# Problem to work on
Show every line in the records below that contains the word "section".
---------- Supplied material ----------
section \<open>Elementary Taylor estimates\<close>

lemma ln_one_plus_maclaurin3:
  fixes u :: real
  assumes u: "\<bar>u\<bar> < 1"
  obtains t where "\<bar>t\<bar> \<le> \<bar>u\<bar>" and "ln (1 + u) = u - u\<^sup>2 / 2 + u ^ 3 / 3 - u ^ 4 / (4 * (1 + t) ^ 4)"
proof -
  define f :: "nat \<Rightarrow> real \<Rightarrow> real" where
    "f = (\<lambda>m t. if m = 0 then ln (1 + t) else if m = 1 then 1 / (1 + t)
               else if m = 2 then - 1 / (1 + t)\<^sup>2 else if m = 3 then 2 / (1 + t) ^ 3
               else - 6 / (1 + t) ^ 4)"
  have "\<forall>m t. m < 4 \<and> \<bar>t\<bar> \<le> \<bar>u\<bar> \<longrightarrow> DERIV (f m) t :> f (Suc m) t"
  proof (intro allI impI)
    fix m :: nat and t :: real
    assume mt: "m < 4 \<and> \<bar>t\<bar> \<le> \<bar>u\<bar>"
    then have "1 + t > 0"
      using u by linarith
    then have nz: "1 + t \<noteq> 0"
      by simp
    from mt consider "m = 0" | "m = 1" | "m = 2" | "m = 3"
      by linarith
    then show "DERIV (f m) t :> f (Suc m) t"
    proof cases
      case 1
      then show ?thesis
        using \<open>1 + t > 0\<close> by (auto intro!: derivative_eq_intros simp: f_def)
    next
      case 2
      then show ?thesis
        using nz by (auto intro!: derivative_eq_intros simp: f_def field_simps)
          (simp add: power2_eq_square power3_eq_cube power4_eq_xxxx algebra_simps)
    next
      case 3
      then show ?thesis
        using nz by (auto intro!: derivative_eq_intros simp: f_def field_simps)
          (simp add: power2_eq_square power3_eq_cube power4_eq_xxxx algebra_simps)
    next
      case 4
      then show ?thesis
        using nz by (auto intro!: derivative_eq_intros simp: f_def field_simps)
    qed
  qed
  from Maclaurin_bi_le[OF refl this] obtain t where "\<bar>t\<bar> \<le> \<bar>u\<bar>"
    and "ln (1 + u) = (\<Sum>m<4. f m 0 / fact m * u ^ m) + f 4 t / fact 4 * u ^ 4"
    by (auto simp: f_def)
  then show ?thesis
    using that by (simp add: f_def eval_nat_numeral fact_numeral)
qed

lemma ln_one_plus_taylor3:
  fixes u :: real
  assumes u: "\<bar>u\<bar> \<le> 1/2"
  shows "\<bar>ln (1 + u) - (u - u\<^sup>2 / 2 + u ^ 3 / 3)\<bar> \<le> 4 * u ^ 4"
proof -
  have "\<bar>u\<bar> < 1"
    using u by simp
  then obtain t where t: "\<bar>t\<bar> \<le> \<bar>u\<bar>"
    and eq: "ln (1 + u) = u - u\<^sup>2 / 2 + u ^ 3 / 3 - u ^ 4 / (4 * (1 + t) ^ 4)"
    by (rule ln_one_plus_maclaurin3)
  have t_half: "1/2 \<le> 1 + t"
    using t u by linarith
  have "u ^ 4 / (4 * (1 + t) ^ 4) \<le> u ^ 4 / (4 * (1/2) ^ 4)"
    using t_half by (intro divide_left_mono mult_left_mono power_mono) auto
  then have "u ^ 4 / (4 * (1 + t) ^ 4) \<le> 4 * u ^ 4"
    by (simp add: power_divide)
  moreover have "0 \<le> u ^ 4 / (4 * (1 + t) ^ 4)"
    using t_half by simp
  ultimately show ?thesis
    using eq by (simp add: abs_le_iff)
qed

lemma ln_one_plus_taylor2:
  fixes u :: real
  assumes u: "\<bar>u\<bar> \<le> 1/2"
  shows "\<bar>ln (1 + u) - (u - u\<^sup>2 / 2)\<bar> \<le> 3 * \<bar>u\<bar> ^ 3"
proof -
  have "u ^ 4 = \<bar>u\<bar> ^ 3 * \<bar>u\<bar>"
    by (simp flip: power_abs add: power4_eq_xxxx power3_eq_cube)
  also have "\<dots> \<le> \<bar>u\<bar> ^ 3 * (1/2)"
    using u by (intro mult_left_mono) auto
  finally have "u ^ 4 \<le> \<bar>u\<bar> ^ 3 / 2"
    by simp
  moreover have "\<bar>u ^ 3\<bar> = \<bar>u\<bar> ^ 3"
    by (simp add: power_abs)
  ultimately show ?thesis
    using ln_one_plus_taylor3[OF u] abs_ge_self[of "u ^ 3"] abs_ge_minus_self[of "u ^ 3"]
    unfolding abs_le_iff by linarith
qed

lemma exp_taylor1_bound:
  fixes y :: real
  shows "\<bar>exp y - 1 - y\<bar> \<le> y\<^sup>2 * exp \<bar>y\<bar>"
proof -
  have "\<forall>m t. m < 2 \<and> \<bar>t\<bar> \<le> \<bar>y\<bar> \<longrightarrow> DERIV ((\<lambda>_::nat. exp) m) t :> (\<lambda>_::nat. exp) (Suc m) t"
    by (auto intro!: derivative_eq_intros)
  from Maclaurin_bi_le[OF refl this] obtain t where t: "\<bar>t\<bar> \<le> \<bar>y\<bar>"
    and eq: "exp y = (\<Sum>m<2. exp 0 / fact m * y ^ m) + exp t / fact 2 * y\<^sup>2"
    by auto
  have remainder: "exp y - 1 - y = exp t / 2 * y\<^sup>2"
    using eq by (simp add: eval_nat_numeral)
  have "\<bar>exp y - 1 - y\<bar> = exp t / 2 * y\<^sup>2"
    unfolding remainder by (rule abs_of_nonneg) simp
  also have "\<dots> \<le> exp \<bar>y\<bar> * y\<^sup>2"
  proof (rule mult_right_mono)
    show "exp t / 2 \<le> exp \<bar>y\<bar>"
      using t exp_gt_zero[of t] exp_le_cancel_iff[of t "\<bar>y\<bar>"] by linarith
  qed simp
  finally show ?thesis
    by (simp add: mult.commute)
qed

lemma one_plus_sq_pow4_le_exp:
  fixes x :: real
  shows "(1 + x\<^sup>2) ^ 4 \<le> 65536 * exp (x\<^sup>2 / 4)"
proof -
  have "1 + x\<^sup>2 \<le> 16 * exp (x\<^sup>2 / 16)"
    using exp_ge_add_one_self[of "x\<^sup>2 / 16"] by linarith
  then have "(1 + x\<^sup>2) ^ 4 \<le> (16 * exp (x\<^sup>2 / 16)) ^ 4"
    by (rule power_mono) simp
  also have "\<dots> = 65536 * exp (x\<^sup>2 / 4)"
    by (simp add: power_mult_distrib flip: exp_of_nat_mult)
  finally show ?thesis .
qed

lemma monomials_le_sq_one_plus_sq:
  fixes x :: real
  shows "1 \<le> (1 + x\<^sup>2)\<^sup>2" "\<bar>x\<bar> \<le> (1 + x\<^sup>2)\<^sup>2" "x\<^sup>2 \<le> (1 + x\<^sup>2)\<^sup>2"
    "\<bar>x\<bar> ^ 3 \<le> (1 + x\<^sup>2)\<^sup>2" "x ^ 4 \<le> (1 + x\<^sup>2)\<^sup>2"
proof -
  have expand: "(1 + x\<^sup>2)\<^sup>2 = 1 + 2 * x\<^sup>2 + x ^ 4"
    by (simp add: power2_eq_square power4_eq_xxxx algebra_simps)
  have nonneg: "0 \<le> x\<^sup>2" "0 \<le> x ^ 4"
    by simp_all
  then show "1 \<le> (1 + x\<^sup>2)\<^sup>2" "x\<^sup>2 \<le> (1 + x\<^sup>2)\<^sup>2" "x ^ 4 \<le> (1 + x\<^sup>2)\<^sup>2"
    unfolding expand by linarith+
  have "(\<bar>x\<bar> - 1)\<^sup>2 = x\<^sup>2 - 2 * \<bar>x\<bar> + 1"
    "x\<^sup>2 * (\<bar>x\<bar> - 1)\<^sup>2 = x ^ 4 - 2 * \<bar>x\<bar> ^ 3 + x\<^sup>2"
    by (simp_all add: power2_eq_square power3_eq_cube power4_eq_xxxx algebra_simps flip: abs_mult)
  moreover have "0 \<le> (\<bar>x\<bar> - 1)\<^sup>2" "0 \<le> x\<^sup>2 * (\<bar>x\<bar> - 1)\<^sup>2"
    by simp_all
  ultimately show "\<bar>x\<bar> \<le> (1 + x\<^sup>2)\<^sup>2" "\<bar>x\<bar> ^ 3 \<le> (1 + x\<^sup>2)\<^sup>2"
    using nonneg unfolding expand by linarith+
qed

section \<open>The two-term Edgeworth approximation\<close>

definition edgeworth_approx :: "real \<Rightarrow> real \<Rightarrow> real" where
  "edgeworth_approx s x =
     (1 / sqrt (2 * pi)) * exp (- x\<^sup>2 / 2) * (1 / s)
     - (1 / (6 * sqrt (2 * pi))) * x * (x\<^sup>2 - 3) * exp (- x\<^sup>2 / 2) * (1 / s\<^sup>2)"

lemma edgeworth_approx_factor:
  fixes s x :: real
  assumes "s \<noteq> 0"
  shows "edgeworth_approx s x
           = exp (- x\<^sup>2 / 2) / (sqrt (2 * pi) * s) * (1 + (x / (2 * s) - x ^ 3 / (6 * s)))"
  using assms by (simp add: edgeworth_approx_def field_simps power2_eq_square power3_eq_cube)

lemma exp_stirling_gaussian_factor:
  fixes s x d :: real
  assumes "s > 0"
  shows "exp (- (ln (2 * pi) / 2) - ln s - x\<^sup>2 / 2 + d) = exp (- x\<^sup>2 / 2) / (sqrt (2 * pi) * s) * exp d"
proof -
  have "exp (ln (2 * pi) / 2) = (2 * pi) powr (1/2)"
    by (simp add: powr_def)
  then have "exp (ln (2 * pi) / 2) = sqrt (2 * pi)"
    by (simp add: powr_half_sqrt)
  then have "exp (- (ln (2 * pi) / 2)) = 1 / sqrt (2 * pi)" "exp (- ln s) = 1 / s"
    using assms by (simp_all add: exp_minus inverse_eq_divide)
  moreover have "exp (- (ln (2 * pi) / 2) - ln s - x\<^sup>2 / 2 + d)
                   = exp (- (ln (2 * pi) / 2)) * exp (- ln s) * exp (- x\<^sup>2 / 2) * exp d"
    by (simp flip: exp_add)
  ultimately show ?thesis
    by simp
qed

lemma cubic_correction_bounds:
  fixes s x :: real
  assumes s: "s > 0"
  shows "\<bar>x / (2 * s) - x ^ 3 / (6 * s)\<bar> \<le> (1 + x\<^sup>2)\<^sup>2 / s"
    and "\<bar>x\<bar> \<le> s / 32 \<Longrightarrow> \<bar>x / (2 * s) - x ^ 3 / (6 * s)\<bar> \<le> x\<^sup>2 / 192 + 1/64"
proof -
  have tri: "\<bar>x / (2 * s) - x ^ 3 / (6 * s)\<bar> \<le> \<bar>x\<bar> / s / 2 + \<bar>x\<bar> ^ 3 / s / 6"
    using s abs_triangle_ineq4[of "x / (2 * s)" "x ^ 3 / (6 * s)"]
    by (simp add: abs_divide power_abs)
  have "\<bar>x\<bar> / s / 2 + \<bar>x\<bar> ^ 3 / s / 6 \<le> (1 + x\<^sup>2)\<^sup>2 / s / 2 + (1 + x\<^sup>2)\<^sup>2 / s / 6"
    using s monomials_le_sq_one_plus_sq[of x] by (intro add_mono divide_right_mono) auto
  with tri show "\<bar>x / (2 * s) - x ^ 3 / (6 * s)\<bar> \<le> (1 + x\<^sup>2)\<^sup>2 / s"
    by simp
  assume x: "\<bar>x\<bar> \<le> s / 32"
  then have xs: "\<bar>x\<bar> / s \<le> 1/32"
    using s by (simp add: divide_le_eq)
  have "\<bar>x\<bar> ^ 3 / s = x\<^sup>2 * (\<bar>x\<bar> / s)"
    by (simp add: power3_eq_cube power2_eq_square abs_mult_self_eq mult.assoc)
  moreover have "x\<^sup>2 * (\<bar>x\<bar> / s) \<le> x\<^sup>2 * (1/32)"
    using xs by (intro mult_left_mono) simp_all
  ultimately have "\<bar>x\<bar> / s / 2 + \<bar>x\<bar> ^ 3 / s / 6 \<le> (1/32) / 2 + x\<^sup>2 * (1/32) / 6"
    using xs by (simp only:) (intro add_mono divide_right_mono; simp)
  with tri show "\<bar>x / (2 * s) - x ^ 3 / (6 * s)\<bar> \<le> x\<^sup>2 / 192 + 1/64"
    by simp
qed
----------
# Exercise answer
section \<open>Elementary Taylor estimates\<close>
section \<open>The two-term Edgeworth approximation\<close>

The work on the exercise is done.